Everything from the line containing "T) \<le> Suc" to the final line of the records below should be given again exactly, and nothing else.

[SUPPLIED ENTRIES]

(* Let $1\le l\le m$ and $0\le r<m-l$, and let $C=\Gamma_2G$ be the binary convolutional code generated by the semi-infinite matrix $G$ built from $G_0,\dots,G_{2^l-1}$ as described in the context. Then the free distance of the Euclidean dual $C^\perp$ equals $2^{r+1}$.
   Context: For $u,v\in\mathbf F_2^N$ the boolean product is $uv=(u_1v_1,\dots,u_Nv_N)$; a product of $i$ vectors has degree $i$. For $s\ge1$ let $b_0\in\mathbf F_2^{2^s}$ be the all-ones vector and for $1\le i\le s$ let $b_i\in\mathbf F_2^{2^s}$ be the concatenation of $2^{s-i}$ blocks $(\mathbf 0\,\mathbf 1)$, where $\mathbf 0,\mathbf 1\in\mathbf F_2^{2^{i-1}}$ are constant. Let $B_s^i$ be the matrix whose rows are all products of $i$ distinct elements of $\{b_1,\dots,b_s\}$ (with $B_s^0=b_0$; $B_s^i$ is empty for $i<0$ or $i>s$), and let $G_s^r$ be the matrix with rows $B_s^r,B_s^{r-1},\dots,B_s^0$ stacked (empty if $r<0$); it generates the Reed–Muller code $\mathcal R(r,s)$ of length $2^s$, dimension $\sum_{i=0}^r\binom si$, minimum distance $2^{s-r}$, with $\mathcal R(r,s)^\perp=\mathcal R(s-1-r,s)$. Let $w_j=(1,1,0,\dots,0)\in\mathbf F_2^{2^j}$ and $c\,w_j$ the concatenation of $c$ copies. For $0\le i\le l-1$ let $M_{i,l}=(2^{l-i-1}w_{i+1})\otimes B_{m-l}^{r-i}$ (Kronecker product; a $\binom{m-l}{r-i}\times2^m$ matrix) and $M_{l,l}=[G_{m-l}^{r-l}\ 0\ \cdots\ 0]$ ($2^m$ columns). Define $G_0,\dots,G_{2^l-1}$, each with $2^{m-l}$ columns, by $[G_0\ G_1\ \cdots\ G_{2^l-1}]$ = the matrix with row blocks $M_{0,l},\dots,M_{l,l}$ stacked. Then $G$ is the semi-infinite matrix whose $j$-th block row ($j\ge0$) has $G_0,G_1,\dots,G_{2^l-1}$ in block columns $j,j+1,\dots,j+2^l-1$ and zeros elsewhere. $\Gamma_2$ is the set of finitely supported binary sequences, $\Gamma_2G$ the set of finite linear combinations of rows of $G$, $C^\perp=\{u\in\Gamma_2:\sum_iu_iv_i=0\ \forall v\in C\}$; free distance = minimum number of nonzero entries of a nonzero element. *)

theory Defs
  imports Main
begin

text \<open>Binary vectors of F_2^N are bool lists (True = 1); binary sequences
  (elements of F_2^omega) are functions nat => bool, addition is pointwise xor.\<close>

definition bvec :: "nat \<Rightarrow> nat \<Rightarrow> bool list" where
  "bvec s i = concat (replicate (2^(s-i))
       (replicate (2^(i-1)) False @ replicate (2^(i-1)) True))"

text \<open>Boolean (componentwise) product of the b_i, i in S; the empty product is b_0 = all ones.\<close>
definition bprod :: "nat \<Rightarrow> nat set \<Rightarrow> bool list" where
  "bprod s S = map (\<lambda>k. \<forall>i\<in>S. bvec s i ! k) [0..<2^s]"

text \<open>Rows of B_s^i: all products of i distinct elements of {b_1..b_s}
  (B_s^0 = b_0; empty for i<0 or i>s).\<close>
definition Brows :: "nat \<Rightarrow> int \<Rightarrow> bool list set" where
  "Brows s i = (if i < 0 \<or> i > int s then {}
     else {bprod s S | S. S \<subseteq> {1..s} \<and> int (card S) = i})"

text \<open>Rows of G_s^r (generator of R(r,s)); empty if r<0.\<close>
definition Grows :: "nat \<Rightarrow> int \<Rightarrow> bool list set" where
  "Grows s r = (\<Union>i\<in>{0..r}. Brows s i)"

definition wvec :: "nat \<Rightarrow> bool list" where
  "wvec j = [True, True] @ replicate (2^j - 2) False"

definition wrep :: "nat \<Rightarrow> nat \<Rightarrow> bool list" where
  "wrep c j = concat (replicate c (wvec j))"

definition kron :: "bool list \<Rightarrow> bool list \<Rightarrow> bool list" where
  "kron a b = concat (map (\<lambda>x. map (\<lambda>y. x \<and> y) b) a)"

text \<open>Rows of the stacked matrix [G_0 G_1 ... G_(2^l-1)] = (M_{0,l}; ...; M_{l,l}).\<close>
definition Mrows :: "nat \<Rightarrow> nat \<Rightarrow> nat \<Rightarrow> bool list set" where
  "Mrows m l r =
     (\<Union>i\<in>{0..<l}. {kron (wrep (2^(l-i-1)) (i+1)) v | v. v \<in> Brows (m-l) (int r - int i)})
     \<union> {v @ replicate (2^m - 2^(m-l)) False | v. v \<in> Grows (m-l) (int r - int l)}"

text \<open>Rows of the semi-infinite matrix G: the j-th block row places G_0..G_(2^l-1)
  in block columns j..j+2^l-1 (blocks of width 2^(m-l)), zeros elsewhere.\<close>
definition shift_row :: "nat \<Rightarrow> nat \<Rightarrow> bool list \<Rightarrow> nat \<Rightarrow> bool" where
  "shift_row n j v t = (j*n \<le> t \<and> t < j*n + length v \<and> v ! (t - j*n))"

definition Grows_inf :: "nat \<Rightarrow> nat \<Rightarrow> nat \<Rightarrow> (nat \<Rightarrow> bool) set" where
  "Grows_inf m l r = {shift_row (2^(m-l)) j v | j v. v \<in> Mrows m l r}"

definition Gamma2 :: "(nat \<Rightarrow> bool) set" where
  "Gamma2 = {u. finite {i. u i}}"

definition xorv :: "(nat \<Rightarrow> bool) \<Rightarrow> (nat \<Rightarrow> bool) \<Rightarrow> nat \<Rightarrow> bool" where
  "xorv u v = (\<lambda>i. u i \<noteq> v i)"

inductive_set f2span :: "(nat \<Rightarrow> bool) set \<Rightarrow> (nat \<Rightarrow> bool) set" for R where
  zero: "(\<lambda>_. False) \<in> f2span R"
| add: "v \<in> R \<Longrightarrow> x \<in> f2span R \<Longrightarrow> xorv v x \<in> f2span R"

definition convcode :: "nat \<Rightarrow> nat \<Rightarrow> nat \<Rightarrow> (nat \<Rightarrow> bool) set" where
  "convcode m l r = f2span (Grows_inf m l r)"

definition dual_code :: "(nat \<Rightarrow> bool) set \<Rightarrow> (nat \<Rightarrow> bool) set" where
  "dual_code C = {u \<in> Gamma2. \<forall>v\<in>C. even (card {i. u i \<and> v i})}"

definition weight :: "(nat \<Rightarrow> bool) \<Rightarrow> nat" where
  "weight u = card {i. u i}"

definition free_distance :: "(nat \<Rightarrow> bool) set \<Rightarrow> nat" where
  "free_distance C = Inf {weight u | u. u \<in> C \<and> u \<noteq> (\<lambda>_. False)}"

end

theory Submission
  imports Defs
begin

text \<open>The first block \<open>G\<^sub>0\<close> of \<open>G\<close> generates the Reed--Muller code \<open>R(r, m-l)\<close>, and
  block row \<open>j\<close> of \<open>G\<close> starts in block column \<open>j\<close>. Hence a word supported in the first
  block lies in \<open>C\<^sup>\<bottom>\<close> as soon as it is orthogonal to \<open>R(r, m-l)\<close>; the indicator of the
  subcube \<open>{0..<2^(r+1)}\<close> is such a word. Conversely, restricting a nonzero \<open>u \<in> C\<^sup>\<bottom>\<close>
  to the last block meeting its support gives a nonzero word orthogonal to \<open>R(r, m-l)\<close>,
  because the copy of \<open>G\<^sub>0\<close> in that block is the only part of its block row that meets
  the support of \<open>u\<close>. Such a word has weight at least \<open>2^(r+1)\<close>: by induction on \<open>r\<close>,
  splitting its support along a coordinate on which two of its points differ.\<close>

lemma even_card_if_flip_bit_closed:
  fixes X :: "nat set"
  assumes "finite X" and closed: "\<And>k. k \<in> X \<Longrightarrow> flip_bit p k \<in> X"
  shows "even (card X)"
proof -
  define X0 where "X0 = {k\<in>X. \<not> bit k p}"
  define X1 where "X1 = {k\<in>X. bit k p}"
  have "X = X0 \<union> X1" "X0 \<inter> X1 = {}"
    by (auto simp: X0_def X1_def)
  then have "card X = card X0 + card X1"
    using assms(1) by (metis card_Un_disjoint finite_Un)
  have flip_flip: "flip_bit p (flip_bit p k) = k" for k :: nat
    by (rule bit_eqI) (auto simp: bit_flip_bit_iff)
  have "bij_betw (flip_bit p) X0 X1"
    by (rule bij_betw_byWitness[where f' = "flip_bit p"])
      (auto simp: X0_def X1_def flip_flip bit_flip_bit_iff closed)
  then have "card X0 = card X1"
    by (rule bij_betw_same_card)
  with \<open>card X = card X0 + card X1\<close> show ?thesis
    by simp
qed

text \<open>Position \<open>k < 2^s\<close> is read as a binary word: there \<open>b\<^sub>i\<close> has entry bit \<open>i - 1\<close> of
  \<open>k\<close> (lemma \<open>bvec_nth\<close>), so \<open>monomial T k\<close> is the entry of the row \<open>bprod s T\<close>, and
  \<open>RM_orthogonal s r A\<close> says that \<open>A \<subseteq> {..<2^s}\<close> is the support of a word of \<open>R(r,s)\<^sup>\<bottom>\<close>.\<close>

definition monomial :: "nat set \<Rightarrow> nat \<Rightarrow> bool" where
  "monomial T k \<longleftrightarrow> (\<forall>i\<in>T. bit k (i - 1))"

definition RM_orthogonal :: "nat \<Rightarrow> nat \<Rightarrow> nat set \<Rightarrow> bool" where
  "RM_orthogonal s r A \<longleftrightarrow>
     (\<forall>T. T \<subseteq> {1..s} \<and> card T \<le> r \<longrightarrow> even (card {k\<in>A. monomial T k}))"

lemma RM_orthogonal_lessThan: "RM_orthogonal s r {..<2^(r+1)}"
  unfolding RM_orthogonal_def
proof (intro allI impI, elim conjE)
  fix T assume T: "T \<subseteq> {1..s}" "card T \<le> r"
  have "\<not> Suc ` {..r} \<subseteq> T"
    using card_mono[OF finite_subset[OF T(1) finite_atLeastAtMost], of "Suc ` {..r}"] T(2)
    by (auto simp: card_image)
  then obtain p where p: "p \<le> r" "Suc p \<notin> T"
    by blast
  show "even (card {k\<in>{..<2^(r+1)}. monomial T k})"
  proof (rule even_card_if_flip_bit_closed)
    fix k assume k: "k \<in> {k\<in>{..<2^(r+1)}. monomial T k}"
    then have "flip_bit p k = take_bit (r+1) (flip_bit p k)"
      using p(1) take_bit_nat_eq_self_iff[of "r+1" k] by (simp add: take_bit_flip_bit_eq)
    then have "flip_bit p k < 2^(r+1)"
      by (metis take_bit_nat_less_exp)
    moreover have "bit (flip_bit p k) (i - 1)" if "i \<in> T" for i
      using that k p(2) T(1) by (auto simp: bit_flip_bit_iff monomial_def)
    ultimately show "flip_bit p k \<in> {k\<in>{..<2^(r+1)}. monomial T k}"
      by (simp add: monomial_def)
  qed simp
qed

lemma RM_orthogonal_even_card: "RM_orthogonal s r A \<Longrightarrow> even (card A)"
  unfolding RM_orthogonal_def by (drule spec[of _ "{}"]) (simp add: monomial_def)

lemma RM_orthogonal_restrict_bit:
  assumes "RM_orthogonal s (Suc r) A" and "t < s"
  shows "RM_orthogonal s r {k\<in>A. bit k t}"
  unfolding RM_orthogonal_def
proof (intro allI impI, elim conjE)
  fix T assume T: "T \<subseteq> {1..s}" "card T \<le> r"
  have "{k\<in>{k\<in>A. bit k t}. monomial T k} = {k\<in>A. monomial (insert (Suc t) T) k}"
    by (auto simp: monomial_def)
  moreover have "card (insert (Suc t) T) \<le> Suc r"
    using T finite_subset[OF T(1)] by (simp add: card_insert_if)
  ultimately show "even (card {k\<in>{k\<in>A. bit k t}. monomial T k})"
    using assms T(1) unfolding RM_orthogonal_def by auto
qed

[/SUPPLIED ENTRIES]

WRITTEN SOLUTION:
  moreover have "card (insert (Suc t) T) \<le> Suc r"
    using T finite_subset[OF T(1)] by (simp add: card_insert_if)
  ultimately show "even (card {k\<in>{k\<in>A. bit k t}. monomial T k})"
    using assms T(1) unfolding RM_orthogonal_def by auto
qed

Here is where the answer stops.